Hot/Warm Architecture with uniform hardware?

Is there any benefit to (or any problems with) data tiering if all nodes use the same type of storage media? In the past, I’ve seen suggestions to transition to a hot/warm/cold architecture for different storage media - SSDs, local HDDs, network-attached HDDs, for example.

Because we only have one type of storage available, our cluster has historically only used hot tier nodes. We're exploring tiering as a way to adjust the RAM:Disk ratios for our nodes - this would allow us to increase cluster storage without increasing the total number of data nodes to manage.

For background, our cluster looks like the following:

  • VMs with network-attached storage (enterprise-grade HDDs)
  • 3 master nodes (16GB RAM each), 2 ingest nodes, and 15 data nodes (2TB storage; 32GB RAM each; 8GB JVM Heap).
  • Cluster Disk Available: 5.5TB / 28.2TB
  • Typical monthly ingest is approx. 2-4TB, including shard replicas

Our current thoughts with tiering would adjust the data node specs as follows:

Hot Tiers:

  • 2TB storage
  • 32GB RAM
  • 16GB JVM heap

Warm Tier:

  • 5TB storage
  • 32GB RAM
  • 8GB JVM

Does anyone see any issues with this? Is tiering only recommended if you have different storage media available?

What is driving this suggested change in cluster topology?
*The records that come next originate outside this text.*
(* Let $t \ge 1$ and let $A \subseteq \mathbb{Z}^2$ be a set of $t$ cells, where a cell $(x,y)$ denotes row $x$ (rows numbered increasing downwards) and column $y$ (columns numbered increasing rightwards). Suppose the following two conditions hold. (First flood.) There exist pairwise distinct cells $c_1,\dots,c_t$ with $A=\{c_1,\dots,c_t\}$, and integers $s_1,\dots,s_{t-1}\in\{0,1\}$ such that, setting $r_0=0$ and $r_j=r_{j-1}+s_j$, we have $r_j\in\{0,1\}$ for all $1\le j\le t-1$, and for every $1\le j\le t-1$ there is an index $\ell\le j$ with $$c_{j+1}=\begin{cases} c_\ell+(1,0) & \text{if } r_j=0 \text{ (the cell directly below } c_\ell),\\ c_\ell+(0,1) & \text{if } r_j=1 \text{ (the cell directly to the right of } c_\ell).\end{cases}$$ (Second flood.) There exist pairwise distinct cells $d_1,\dots,d_t$ with $A=\{d_1,\dots,d_t\}$, and integers $s'_1,\dots,s'_{t-1}\in\{0,1\}$ such that, setting $r'_0=0$ and $r'_j=r'_{j-1}+s'_j$, we have $r'_j\in\{0,1\}$ for all $1\le j\le t-1$, and for every $1\le j\le t-1$ there is an index $\ell\le j$ with $$d_{j+1}=\begin{cases} d_\ell+(-1,0) & \text{if } r'_j=0 \text{ (the cell directly above } d_\ell),\\ d_\ell+(0,-1) & \text{if } r'_j=1 \text{ (the cell directly to the left of } d_\ell).\end{cases}$$ Then $A$ is a rectangle: there are integers $a\le a'$ and $b\le b'$ with $A=\{a,\dots,a'\}\times\{b,\dots,b'\}$ and $(a'-a+1)(b'-b+1)=t$; moreover $c_1=(a,b)$ is its top-left corner and $d_1=(a',b')$ is its bottom-right corner.
   Context: This is the combinatorial core of the soundness of a card-based zero-knowledge protocol for the Shikaku puzzle (partition an $m\times n$ grid into rectangles, each containing exactly one given number equal to its area). In the protocol, a prover marks a region by a "first flood" starting from one cell and repeatedly marking a new, previously unmarked cell adjacent to an already marked one, moving only downwards while a secret direction bit $r$ equals $0$ and only rightwards once $r=1$ (where $r$ is updated by secretly adding $s\in\{0,1\}$ and publicly checking $r\ne 2$), followed by a "second flood" over exactly the same set of cells starting from one cell and moving only upwards while $r=0$ and only leftwards once $r=1$. The hypotheses above formalize these two floods. *)

theory Defs
  imports Main
begin

type_synonym cell = "int \<times> int"

definition cell_add :: "cell \<Rightarrow> cell \<Rightarrow> cell" where
  "cell_add p q = (fst p + fst q, snd p + snd q)"

fun flood_r :: "(nat \<Rightarrow> int) \<Rightarrow> nat \<Rightarrow> int" where
  "flood_r s 0 = 0"
| "flood_r s (Suc j) = flood_r s j + s (Suc j)"

definition is_flood :: "cell \<Rightarrow> cell \<Rightarrow> nat \<Rightarrow> cell set \<Rightarrow> (nat \<Rightarrow> cell) \<Rightarrow> (nat \<Rightarrow> int) \<Rightarrow> bool" where
  "is_flood v0 v1 t A c s \<longleftrightarrow>
     inj_on c {1..t} \<and> A = c ` {1..t} \<and>
     (\<forall>j\<in>{1..t-1}. s j \<in> {0, 1}) \<and>
     (\<forall>j\<in>{1..t-1}. flood_r s j \<in> {0, 1}) \<and>
     (\<forall>j\<in>{1..t-1}. \<exists>l\<in>{1..j}.
        c (j + 1) = cell_add (c l) (if flood_r s j = 0 then v0 else v1))"

end

theory Submission
  imports Defs "HOL-Library.Product_Plus"
begin

text \<open>The direction bit of a flood never decreases, so a down/right flood from \<open>c 1\<close> first
  moves straight down the column of \<open>c 1\<close> and afterwards only moves right. Hence no cell lies
  above or left of \<open>c 1\<close>, every cell right of that column has its left neighbour in the region,
  and every cell of that column below \<open>c 1\<close> has its upper neighbour in the region. Negating all
  cells turns the up/left flood into a down/right flood from \<open>- d 1\<close>, giving the mirrored
  properties at \<open>d 1\<close>. Walking left, up and then right from \<open>d 1\<close> reaches every cell of the box
  spanned by \<open>c 1\<close> and \<open>d 1\<close>, and the injective enumeration shows that its area is \<open>t\<close>.\<close>

lemma cell_add_eq_plus: "cell_add p q = p + q"
  by (simp add: cell_add_def plus_prod_def)

lemma flood_r_mono:
  assumes "\<forall>j\<in>{1..n}. 0 \<le> s j" and "i \<le> n"
  shows "flood_r s i \<le> flood_r s n"
  using assms
proof (induction n)
  case (Suc n)
  show ?case
  proof (cases "i = Suc n")
    case False
    with Suc have "flood_r s i \<le> flood_r s n" and "0 \<le> s (Suc n)" by auto
    then show ?thesis by simp
  qed simp
qed simp

lemma flood_r_eq_0_before:
  assumes "\<forall>j\<in>{1..n}. 0 \<le> s j" and "flood_r s n = 0" and "i \<le> n"
  shows "flood_r s i = 0"
proof -
  have "0 \<le> flood_r s i" using flood_r_mono[of i s 0] assms(1,3) by simp
  with flood_r_mono[OF assms(1,3)] assms(2) show ?thesis by simp
qed

lemma is_flood_r_eq_0_before:
  assumes "is_flood v0 v1 t A c s" and "flood_r s n = 0" and "n < t" and "i \<le> n"
  shows "flood_r s i = 0"
proof (rule flood_r_eq_0_before[OF _ assms(2,4)])
  have bits: "\<forall>j\<in>{1..t - 1}. s j \<in> {0, 1}"
    using assms(1) by (simp add: is_flood_def)
  show "\<forall>j\<in>{1..n}. 0 \<le> s j"
  proof
    fix j assume "j \<in> {1..n}"
    with assms(3) have "j \<in> {1..t - 1}" by auto
    with bits have "s j \<in> {0, 1}" by blast
    then show "0 \<le> s j" by auto
  qed
qed

lemma is_flood_uminus:
  assumes "is_flood v0 v1 t A c s"
  shows "is_flood (- v0) (- v1) t (uminus ` A) (uminus \<circ> c) s"
proof -
  note F = assms[unfolded is_flood_def cell_add_eq_plus]
  have "\<exists>l\<in>{1..j}. (uminus \<circ> c) (j + 1) = (uminus \<circ> c) l + (if flood_r s j = 0 then - v0 else - v1)"
    if "j \<in> {1..t - 1}" for j
  proof -
    from F that obtain l where "l \<in> {1..j}" and "c (j + 1) = c l + (if flood_r s j = 0 then v0 else v1)"
      by meson
    then show ?thesis by (intro bexI[of _ l]) (simp_all add: algebra_simps)
  qed
  with F show ?thesis
    unfolding is_flood_def cell_add_eq_plus by (simp add: image_comp comp_inj_on)
qed

lemma is_flood_step:
  assumes "is_flood v0 v1 t A c s" and "i \<in> {2..t}"
  shows "\<exists>l\<in>{1..<i}. c i = c l + (if flood_r s (i - 1) = 0 then v0 else v1)"
proof -
  have "i - 1 \<in> {1..t - 1}" using assms(2) by auto
  with assms(1) obtain l where "l \<in> {1..i - 1}"
    and "c (i - 1 + 1) = c l + (if flood_r s (i - 1) = 0 then v0 else v1)"
    unfolding is_flood_def cell_add_eq_plus by blast
  moreover have "i - 1 + 1 = i" using assms(2) by simp
  ultimately show ?thesis by force
qed

lemma down_right_flood_ge_first:
  assumes "is_flood (1, 0) (0, 1) t A c s" and "i \<in> {1..t}"
  shows "fst (c 1) \<le> fst (c i) \<and> snd (c 1) \<le> snd (c i)"
  using assms(2)
proof (induction i rule: less_induct)
  case (less i)
  show ?case
  proof (cases "i = 1")
    case False
    with less.prems obtain l where "l \<in> {1..<i}"
      and "c i = c l + (if flood_r s (i - 1) = 0 then (1, 0) else (0, 1))"
      using is_flood_step[OF assms(1)] by fastforce
    with less.IH[of l] less.prems show ?thesis by (auto split: if_splits)
  qed simp
qed

lemma down_right_flood_first_column:
  assumes F: "is_flood (1, 0) (0, 1) t A c s" and "i \<in> {1..t}" and "flood_r s (i - 1) = 0"
  shows "snd (c i) = snd (c 1)"
  using assms(2,3)
proof (induction i rule: less_induct)
  case (less i)
  show ?case
  proof (cases "i = 1")
    case False
    with less.prems have "i \<in> {2..t}" by auto
    then obtain l where l: "l \<in> {1..<i}"
      and cl: "c i = c l + (if flood_r s (i - 1) = 0 then (1, 0) else (0, 1))"
      using is_flood_step[OF F] by blast
    have "flood_r s (l - 1) = 0"
      by (rule is_flood_r_eq_0_before[OF F less.prems(2)]) (use l less.prems(1) in auto)
    then have "snd (c l) = snd (c 1)"
      by (rule less.IH[rotated 2]) (use l less.prems(1) in auto)
    with cl less.prems(2) show ?thesis by simp
  qed simp
qed

definition top_left_closed :: "cell \<Rightarrow> cell set \<Rightarrow> bool" where
  "top_left_closed p A \<longleftrightarrow> p \<in> A \<and> (\<forall>q\<in>A. fst p \<le> fst q \<and> snd p \<le> snd q) \<and>
     (\<forall>x y. (x, y) \<in> A \<longrightarrow> snd p < y \<longrightarrow> (x, y - 1) \<in> A) \<and>
     (\<forall>x. (x, snd p) \<in> A \<longrightarrow> fst p < x \<longrightarrow> (x - 1, snd p) \<in> A)"

lemma down_right_flood_top_left_closed:
  assumes "t \<ge> 1" and F: "is_flood (1, 0) (0, 1) t A c s"
  shows "top_left_closed (c 1) A"
proof -
  have A: "A = c ` {1..t}" using F by (simp add: is_flood_def)
  have pred: "\<exists>l\<in>{1..<i}. c i = c l + (if flood_r s (i - 1) = 0 then (1, 0) else (0, 1))"
    if "i \<in> {1..t}" and "i \<noteq> 1" for i
    using is_flood_step[OF F] that by simp
  have ge: "fst (c 1) \<le> fst q \<and> snd (c 1) \<le> snd q" if "q \<in> A" for q
    using that down_right_flood_ge_first[OF F] A by blast
  have left: "(x, y - 1) \<in> A" if xy: "(x, y) \<in> A" and gt: "snd (c 1) < y" for x y
  proof -
    obtain i where i: "i \<in> {1..t}" "c i = (x, y)" using xy A by auto
    with gt have "i \<noteq> 1" by auto
    with pred i(1) obtain l where l: "l \<in> {1..<i}"
      and cl: "c i = c l + (if flood_r s (i - 1) = 0 then (1, 0) else (0, 1))"
      by blast
    have "flood_r s (i - 1) \<noteq> 0"
      using down_right_flood_first_column[OF F i(1)] i(2) gt by auto
    with cl have "c l = c i - (0, 1)" by simp
    with i(2) have "c l = (x, y - 1)" by simp
    moreover have "c l \<in> A" using l i(1) A by auto
    ultimately show ?thesis by simp
  qed
  have up: "(x - 1, snd (c 1)) \<in> A" if xb: "(x, snd (c 1)) \<in> A" and gt: "fst (c 1) < x" for x
  proof -
    obtain i where i: "i \<in> {1..t}" "c i = (x, snd (c 1))" using xb A by auto
    with gt have "i \<noteq> 1" by (metis fst_conv less_irrefl)
    with pred i(1) obtain l where l: "l \<in> {1..<i}"
      and cl: "c i = c l + (if flood_r s (i - 1) = 0 then (1, 0) else (0, 1))"
      by blast
    have "c l \<in> A" using l i(1) A by auto
    have "flood_r s (i - 1) = 0"
    proof (rule ccontr)
      assume "flood_r s (i - 1) \<noteq> 0"
      with cl have "snd (c i) = snd (c l) + 1" by simp
      with i(2) have "snd (c l) = snd (c 1) - 1" by simp
      with ge[OF \<open>c l \<in> A\<close>] show False by simp
    qed
    with cl have "c l = c i - (1, 0)" by simp
    with i(2) have "c l = (x - 1, snd (c 1))" by simp
    with \<open>c l \<in> A\<close> show ?thesis by simp
  qed
  have "c 1 \<in> A" using assms(1) A by simp
  with ge left up show ?thesis
    unfolding top_left_closed_def by blast
qed

lemma int_interval_fill_down:
  fixes P :: "int \<Rightarrow> bool"
  assumes "P k" and "\<And>i. lo < i \<Longrightarrow> i \<le> k \<Longrightarrow> P i \<Longrightarrow> P (i - 1)" and "lo \<le> i" and "i \<le> k"
  shows "P i"
  using \<open>i \<le> k\<close> \<open>lo \<le> i\<close> by (induction i rule: int_le_induct) (auto intro: assms)

lemma int_interval_fill_up:
  fixes P :: "int \<Rightarrow> bool"
  assumes "P k" and "\<And>i. k \<le> i \<Longrightarrow> i < hi \<Longrightarrow> P i \<Longrightarrow> P (i + 1)" and "k \<le> i" and "i \<le> hi"
  shows "P i"
  using \<open>k \<le> i\<close> \<open>i \<le> hi\<close> by (induction i rule: int_ge_induct) (auto intro: assms)

lemma rectangle_if_top_left_and_bottom_right_closed:
  assumes TL: "top_left_closed (a, b) A" and BR: "top_left_closed (- a', - b') (uminus ` A)"
  shows "A = {a..a'} \<times> {b..b'}"
proof
  have neg_mem: "(- x, - y) \<in> uminus ` A \<longleftrightarrow> (x, y) \<in> A" for x y
    by (metis image_iff minus_minus uminus_Pair)
  have lb: "\<And>x y. (x, y) \<in> A \<Longrightarrow> a \<le> x \<and> b \<le> y"
    and left: "\<And>x y. (x, y) \<in> A \<Longrightarrow> b < y \<Longrightarrow> (x, y - 1) \<in> A"
    and up: "\<And>x. (x, b) \<in> A \<Longrightarrow> a < x \<Longrightarrow> (x - 1, b) \<in> A"
    using TL unfolding top_left_closed_def by auto
  have corner: "(a', b') \<in> A"
    using BR neg_mem unfolding top_left_closed_def by blast
  have ub: "x \<le> a' \<and> y \<le> b'" if "(x, y) \<in> A" for x y
    using BR that neg_mem[of x y] unfolding top_left_closed_def by fastforce
  have right: "(x, y + 1) \<in> A" if "(x, y) \<in> A" and "y < b'" for x y
  proof -
    have "(- x, - y - 1) \<in> uminus ` A"
      using BR that neg_mem[of x y] unfolding top_left_closed_def by simp
    then show ?thesis using neg_mem[of x "y + 1"] by simp
  qed
  show "A \<subseteq> {a..a'} \<times> {b..b'}" using lb ub by fastforce
  show "{a..a'} \<times> {b..b'} \<subseteq> A"
  proof clarify
    fix x y assume x: "x \<in> {a..a'}" and y: "y \<in> {b..b'}"
    have "(a', b) \<in> A"
      by (rule int_interval_fill_down[where P = "\<lambda>z. (a', z) \<in> A" and k = b' and lo = b])
        (use corner left y in auto)
    then have "(x, b) \<in> A"
      by (rule int_interval_fill_down[where P = "\<lambda>z. (z, b) \<in> A" and k = a' and lo = a])
        (use up x in auto)
    then show "(x, y) \<in> A"
      by (rule int_interval_fill_up[where P = "\<lambda>z. (x, z) \<in> A" and k = b and hi = b'])
        (use right y in auto)
  qed
qed

theorem mainTheorem1:
  fixes t :: nat and A :: "cell set"
    and c d :: "nat \<Rightarrow> cell" and s s' :: "nat \<Rightarrow> int"
  assumes "t \<ge> 1"
    and "is_flood (1, 0) (0, 1) t A c s"
    and "is_flood (-1, 0) (0, -1) t A d s'"
  shows "\<exists>a a' b b' :: int. a \<le> a' \<and> b \<le> b' \<and>
           A = {a..a'} \<times> {b..b'} \<and> (a' - a + 1) * (b' - b + 1) = int t \<and>
           c 1 = (a, b) \<and> d 1 = (a', b')"
proof -
  obtain a b a' b' where c1: "c 1 = (a, b)" and d1: "d 1 = (a', b')" by fastforce
  have TL: "top_left_closed (a, b) A"
    using down_right_flood_top_left_closed[OF assms(1,2)] c1 by simp
  have "is_flood (1, 0) (0, 1) t (uminus ` A) (uminus \<circ> d) s'"
    using is_flood_uminus[OF assms(3)] by simp
  then have "top_left_closed (- a', - b') (uminus ` A)"
    using down_right_flood_top_left_closed[OF assms(1)] d1 by fastforce
  with TL have rect: "A = {a..a'} \<times> {b..b'}"
    by (rule rectangle_if_top_left_and_bottom_right_closed)
  moreover have "(a, b) \<in> A"
    using TL unfolding top_left_closed_def by blast
  ultimately have le: "a \<le> a'" "b \<le> b'" by auto
  have "card A = t"
    using assms(2) card_image unfolding is_flood_def by fastforce
  then have "t = nat (a' - a + 1) * nat (b' - b + 1)"
    using rect by (simp add: card_cartesian_product)
  then have "int t = (a' - a + 1) * (b' - b + 1)"
    using le by (simp add: nat_mult_distrib [symmetric])
  then show ?thesis using le rect c1 d1 by auto
qed

end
What is the problem you are looking to solve?

Which version of Elasticsearch are you using?

What is your retention period(s) for the data?

How is the performance of the cluster as it is currently configured?

How many nodes of the different types would the proposed hot-warm topology have?

Would this change coincide with any change of ingest volume or retention period?

6 of the 15 nodes are above the low watermark. We've decided to increase the overall cluster storage to better support occasional logging spikes, improve time spent rebalancing, and reduce search latency associated with high disk util.

8.17.3 with plans to upgrade to 9.x as part of our cluster redesign

Everyday performance is generally fine. Search latency becomes noticeable if 7 or more nodes are above the low disk watermark threshold, sometimes causing nodes to leave cluster and triggering rebalancing.

Any maintenance or rebalancing takes significant amounts of time (multiple days) - I suspect due to the low disk availability. Search and index latency is high during this time, impacting ability to use the database.

We haven't fully mapped it out, as we aren't sure if hot/warm is even suitable with uniform storage hardware. We would likely aim for 3-4 hot nodes and 4-5 warm nodes based on desired cluster storage.

No plans to change either at this time.

This is not ideal as Elasticsearch is a quite I/O intensive data store. A lot of the issues around relocating shards and rebalancing may very well be caused by poor storage performance.

If all nodes have the same slow storage I do not see any benefit of adopting a hot-warm architecture as the fewer hot nodes likely will get even more overloaded.

With the current limitations on hardware and storage I would probably recommend keeping all data nodes of the same specification, but increase storage to limit the need for rebalancing. As indexing is the most I/O intensive process I would probably also recommend adjusting the primary shard count of the indices you are actively indexing into and make sure that these are as evenly distributed across the cluster as possible. If you are indexing into multiple indices you may want to ensure that you keep the number of shards actively being indexed into low on all nodes.

The best way to resolve performance and stability issues would likely be to change to more performant storage.